Given an even function $e(x)$, an odd function $o(x)$ and parameters $a,b>0$, we will show that $$\int_{-a}^a\frac{e(x)}{1+b^{o(x)}}\,\mathrm dx=\int_0^ae(x)\,\mathrm dx,$$ which gives you a very quick method of evaluating your integral.
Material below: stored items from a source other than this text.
lemma (in real_distribution) measure_abs_ge_le_char:
  assumes "u > 0" and B: "\<And>t. \<bar>t\<bar> \<le> u \<Longrightarrow> cmod (1 - char M t) \<le> B"
  shows "measure M {x. 2 / u \<le> \<bar>x\<bar>} \<le> 2 * B"
proof -
  have "u * measure M {x. 2 / u \<le> \<bar>x\<bar>} \<le> (LBINT t:{-u..u}. 1 - Re (char M t))"
    by (rule measure_abs_ge_le_integral_char[OF assms(1)])
  also have "\<dots> \<le> (LBINT t:{-u..u}. B)"
  proof (rule set_integral_mono)
    show "set_integrable lborel {-u..u} (\<lambda>t. 1 - Re (char M t))"
      by (intro borel_integrable_atLeastAtMost' continuous_at_imp_continuous_on ballI
          continuous_intros isCont_char)
    show "1 - Re (char M t) \<le> B" if "t \<in> {-u..u}" for t
      using complex_Re_le_cmod[of "1 - char M t"] B[of t] that by (simp add: abs_le_iff)
  qed (auto simp: set_integrable_def emeasure_lborel_Icc_eq)
  also have "\<dots> = 2 * u * B"
    using assms(1) by (simp add: set_integral_const)
  finally show ?thesis
    using assms(1) by (simp add: mult.assoc)
qed

lemma norm_one_minus_exp_le:
  fixes A y :: real
  assumes "0 \<le> A"
  shows "cmod (1 - exp (- complex_of_real A + \<i> * complex_of_real y)) \<le> A + \<bar>y\<bar>"
proof -
  have "exp (- complex_of_real A + \<i> * complex_of_real y) = complex_of_real (exp (- A)) * iexp y"
    unfolding exp_add by (simp add: exp_of_real[symmetric])
  then have "1 - exp (- complex_of_real A + \<i> * complex_of_real y)
      = complex_of_real (1 - exp (- A)) + complex_of_real (exp (- A)) * (1 - iexp y)"
    by (simp add: algebra_simps)
  also have "cmod \<dots> \<le> \<bar>1 - exp (- A)\<bar> + exp (- A) * cmod (1 - iexp y)"
    by (rule order_trans[OF norm_triangle_ineq]) (simp add: norm_mult del: of_real_diff)
  also have "\<dots> \<le> A + 1 * \<bar>y\<bar>"
  proof (rule add_mono)
    show "\<bar>1 - exp (- A)\<bar> \<le> A"
      using exp_ge_add_one_self[of "- A"] assms by simp
    show "exp (- A) * cmod (1 - iexp y) \<le> 1 * \<bar>y\<bar>"
      using iexp_approx1[of y 0] assms
      by (intro mult_mono) (auto simp: norm_minus_commute)
  qed
  finally show ?thesis by simp
qed
lemma sphere_step_towards:
  fixes y e n :: "'a::real_inner"
  assumes y: "norm y = 1" and e: "norm e = 1" and n: "norm n = 1" and r: "0 < r"
    and yn: "r/2 < y \<bullet> n" and en: "r/2 < e \<bullet> n" and ye: "r < norm (y - e)"
  obtains p where "norm p = 1" "r/2 < p \<bullet> n" "y \<bullet> e + r^3 / (2 * (4 + r)) \<le> p \<bullet> e"
    "norm (p - y) \<le> r/2"
proof -
  define t where "t = r/4"
  define N where "N = norm (y + t *\<^sub>R e)"
  define p where "p = (1/N) *\<^sub>R (y + t *\<^sub>R e)"
  define c where "c = y \<bullet> e"
  have c: "\<bar>c\<bar> < 1 - r\<^sup>2/2"
    unfolding c_def using abs_inner_less_of_separated[OF assms(1-3) _ assms(5-7)] r by simp
  have t: "0 < t" "t < 1/2"
    using ye norm_triangle_ineq4[of y e] y e r by (auto simp: t_def)
  have N: "\<bar>1 - N\<bar> \<le> t"
    using norm_triangle_ineq[of y "t *\<^sub>R e"] norm_diff_ineq[of y "t *\<^sub>R e"] y e t
    by (simp add: N_def abs_le_iff)
  then have N_pos: "0 < N"
    using t by linarith
  have "norm p = 1"
    unfolding p_def using N_pos by (simp add: N_def)
  moreover have "r/2 < p \<bullet> n"
  proof -
    have "r/2 * N \<le> r/2 * (1 + t)"
      using N r by (intro mult_left_mono) auto
    also have "\<dots> < y \<bullet> n + t * (e \<bullet> n)"
      using yn mult_strict_left_mono[OF en t(1)] by (simp add: algebra_simps)
    finally show ?thesis
      using N_pos by (simp add: p_def inner_add_left pos_less_divide_eq mult.commute)
  qed
  moreover have "y \<bullet> e + r^3 / (2 * (4 + r)) \<le> p \<bullet> e"
  proof -
    have "\<bar>c * (1 - N)\<bar> \<le> \<bar>c\<bar> * t"
      using N by (simp add: abs_mult mult_left_mono)
    moreover have "t * (r\<^sup>2/2) \<le> t * (1 - \<bar>c\<bar>)"
      using c t by (intro mult_left_mono) auto
    ultimately have gain: "t * r\<^sup>2 / 2 \<le> c + t - c * N"
      by (simp add: algebra_simps abs_le_iff)
    have "r^3 / (2 * (4 + r)) = t * r\<^sup>2 / (2 * (1 + t))"
      by (simp add: t_def power2_eq_square power3_eq_cube field_simps)
    also have "\<dots> \<le> t * r\<^sup>2 / 2 / N"
      using N_pos N t by (simp add: divide_simps mult_left_mono)
    also have "\<dots> \<le> (c + t - c * N) / N"
      using divide_right_mono[OF gain, of N] N_pos by simp
    also have "\<dots> = p \<bullet> e - c"
      using N_pos e by (simp add: p_def inner_add_left c_def field_simps dot_square_norm)
    finally show ?thesis
      by (simp add: c_def)
  qed
  moreover have "norm (p - y) \<le> r/2"
  proof -
    have "p - (y + t *\<^sub>R e) = (1/N - 1) *\<^sub>R (y + t *\<^sub>R e)"
      by (simp add: p_def algebra_simps)
    then have "norm (p - (y + t *\<^sub>R e)) = \<bar>1/N - 1\<bar> * N"
      by (simp add: N_def)
    also have "\<dots> = \<bar>1 - N\<bar>"
      using N_pos by (simp add: abs_mult_pos' field_simps abs_minus_commute)
    finally show ?thesis
      using norm_triangle_ineq[of "p - (y + t *\<^sub>R e)" "t *\<^sub>R e"] N e t
      by (simp add: t_def algebra_simps)
  qed
  ultimately show ?thesis
    using that by blast
qed
lemma competence_expectation_le:
  fixes W :: "'a \<Rightarrow> real"
  assumes [measurable]: "W \<in> borel_measurable M"
    and W_range: "\<And>z. z \<in> space M \<Longrightarrow> 0 \<le> W z \<and> W z \<le> 1"
    and comp: "\<And>t. 0 \<le> t \<Longrightarrow> t \<le> 1/2 \<Longrightarrow>
      prob {z \<in> space M. W z \<in> {1/2..1-t}} \<le> prob {z \<in> space M. W z \<in> {t..<1/2}}"
    and "0 < n"
  shows "expectation (\<lambda>z. above_half_margin (W z) ^ n) \<le> expectation (\<lambda>z. below_half (W z) ^ n)"
proof (rule integral_mono_tail)
  have bounds: "0 \<le> above_half_margin (W z) \<and> above_half_margin (W z) \<le> 1"
    "0 \<le> below_half (W z) \<and> below_half (W z) \<le> 1" if "z \<in> space M" for z
    using W_range[OF that] by (auto simp: above_half_margin_def below_half_def)
  show "integrable M (\<lambda>z. above_half_margin (W z) ^ n)" "integrable M (\<lambda>z. below_half (W z) ^ n)"
    by (auto intro!: integrable_bounded[where B = 1] power_le_one dest: bounds)
  show "0 \<le> above_half_margin (W z) ^ n" "0 \<le> below_half (W z) ^ n" if "z \<in> space M" for z
    using bounds[OF that] by auto
qed (use competence_tail_le[OF W_range comp] \<open>0 < n\<close> in auto)

lemma integrable_comp_unit_interval:
  fixes W :: "'a \<Rightarrow> real" and g :: "real \<Rightarrow> real"
  assumes [measurable]: "W \<in> borel_measurable M" "g \<in> borel_measurable borel"
    and W_range: "\<And>z. z \<in> space M \<Longrightarrow> 0 \<le> W z \<and> W z \<le> 1"
    and g_bound: "\<And>w. 0 \<le> w \<Longrightarrow> w \<le> 1 \<Longrightarrow> \<bar>g w\<bar> \<le> 1"
  shows "integrable M (\<lambda>z. g (W z))"
  using W_range g_bound by (intro integrable_bounded[where B = 1]) auto

lemma competence_prob_ge_half_le_expectation:
  fixes W :: "'a \<Rightarrow> real"
  assumes [measurable]: "W \<in> borel_measurable M"
    and W_range: "\<And>z. z \<in> space M \<Longrightarrow> 0 \<le> W z \<and> W z \<le> 1"
    and comp: "\<And>t. 0 \<le> t \<Longrightarrow> t \<le> 1/2 \<Longrightarrow>
      prob {z \<in> space M. W z \<in> {1/2..1-t}} \<le> prob {z \<in> space M. W z \<in> {t..<1/2}}"
  shows "prob {z \<in> space M. 1/2 \<le> W z} \<le> expectation W"
proof -
  have "prob {z \<in> space M. 1/2 \<le> W z}
      = expectation (\<lambda>z. W z - below_half (W z) + above_half_margin (W z))"
    unfolding measure_Collect_eq_integral
    by (rule Bochner_Integration.integral_cong) (auto simp: below_half_def above_half_margin_def)
  also have "\<dots> \<le> expectation W"
  proof -
    have "integrable M W" "integrable M (\<lambda>z. below_half (W z))"
      "integrable M (\<lambda>z. above_half_margin (W z))"
      by (auto intro!: integrable_comp_unit_interval[OF _ _ W_range]
          simp: below_half_def above_half_margin_def)
    then show ?thesis
      using competence_expectation_le[OF _ W_range comp, of 1] by simp
  qed
  finally show ?thesis .
qed
(* Assume $p_{X,Y}\ne p_Xp_Y$ (where $p_{X,Y}=p_Xp_{Y|X}$). Let $(X_1,Y_1),(X_2,Y_2)$ be distributed according to $p_{X,Y}$ marginally, and define $p_0=\Pr(Y_1\ne Y_2)$ when $X_1,X_2$ are independent (each $Y_k$ drawn from $p_{Y|X}(\cdot\mid X_k)$ independently), and $p_1=\Pr(Y_1\neq Y_2)$ when $X_1=X_2$ (and $Y_1,Y_2$ are conditionally independent given $X_1$, each with law $p_{Y|X}(\cdot\mid X_1)$). Then $p_1<p_0$. Fix any $\tau$ with $p_1<\tau<p_0$ (not depending on $n$). Let $C_1^{m_n},\dots,C_K^{m_n}$ be the columns of $\mathbf{D}^{(2)}$, and consider the algorithm that, for each $j\in[K-1]$, declares $C_j^{m_n}$ and $C_{j+1}^{m_n}$ to be replicas (noisy copies of the same column of $\mathbf{D}^{(1)}$) if $d_H(C_j^{m_n},C_{j+1}^{m_n})<m_n\tau$ and declares them to come from different columns of $\mathbf{D}^{(1)}$ otherwise. Let $E_j$ be the event that this decision is wrong for the pair $(C_j^{m_n},C_{j+1}^{m_n})$. If $m_n$ grows exponentially in $n$ (i.e. the database growth rate $R=\lim_n \frac1n\log m_n$ satisfies $R>0$), then $$\Pr\Big(\bigcup_{j=1}^{K-1}E_j\Big)\to 0\quad\text{as } n\to\infty.$$
   Context: $\mathbf{D}^{(1)}$ is an $m_n\times n$ matrix with i.i.d. entries from $p_X$ on a finite set $\mathfrak{X}$; $S^n$ has i.i.d. entries from $p_S$ on $\{0,\dots,s_{\max}\}$; $\boldsymbol{\Theta}_n$ is a uniform permutation of $[m_n]$, independent of everything else. $\mathbf{D}^{(2)}$ is obtained by replacing, in row $i$, the entry at column $j$ by the empty string if $S_j=0$ and by $S_j$ conditionally i.i.d. outputs of the channel $p_{Y|X}$ with input $D^{(1)}_{\boldsymbol{\Theta}_n^{-1}(i),j}$ if $S_j\ge1$ (all noise independent). Hence $\mathbf{D}^{(2)}$ has $K=\sum_j S_j$ columns, and two consecutive columns of $\mathbf{D}^{(2)}$ are replicas if they are noisy copies of the same column of $\mathbf{D}^{(1)}$. $d_H$ denotes Hamming distance between two columns of length $m_n$. *)

theory Defs
  imports "HOL-Probability.Probability"
begin

definition joint_pmf :: "'x pmf \<Rightarrow> ('x \<Rightarrow> 'y pmf) \<Rightarrow> ('x \<times> 'y) pmf" where
  "joint_pmf pX pYX = do { x \<leftarrow> pX; y \<leftarrow> pYX x; return_pmf (x, y) }"

definition out_pmf :: "'x pmf \<Rightarrow> ('x \<Rightarrow> 'y pmf) \<Rightarrow> 'y pmf" where
  "out_pmf pX pYX = do { x \<leftarrow> pX; pYX x }"

definition p0 :: "'x pmf \<Rightarrow> ('x \<Rightarrow> 'y pmf) \<Rightarrow> real" where
  "p0 pX pYX = measure_pmf.prob
     (do { x1 \<leftarrow> pX; x2 \<leftarrow> pX; y1 \<leftarrow> pYX x1; y2 \<leftarrow> pYX x2; return_pmf (y1, y2) })
     {(a, b). a \<noteq> b}"

definition p1 :: "'x pmf \<Rightarrow> ('x \<Rightarrow> 'y pmf) \<Rightarrow> real" where
  "p1 pX pYX = measure_pmf.prob
     (do { x \<leftarrow> pX; y1 \<leftarrow> pYX x; y2 \<leftarrow> pYX x; return_pmf (y1, y2) })
     {(a, b). a \<noteq> b}"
Set $f(x)=\frac{e(x)}{1+b^{o(x)}}$ as well as $E(x)=\frac12(f(x)+f(-x))$ and $O(x)=\frac12(f(x)-f(-x))$. This is the even-odd-decomposition of $f$, meaning $f=E+O$, $E$ is even and $O$ is odd. Thus we get \begin{align*}\int_{-a}^af(x)\,\mathrm dx&=\int_{-a}^aE(x)\,\mathrm dx=\int_{0}^a(f(x)+f(-x))\,\mathrm dx\\&=\int_0^ae(x)\left(\frac{1}{1+b^{o(x)}}+\frac1{1+b^{-o(x)}}\right)\,\mathrm dx=\int_0^ae(x)\,\mathrm dx.&\blacksquare\end{align*}
Now just notice that your integral is of the given form with $a=3,b=2,e(x)=1+x^2,o(x)=x$, and evaluate $\int_0^3(1+x^2)\,\mathrm dx$.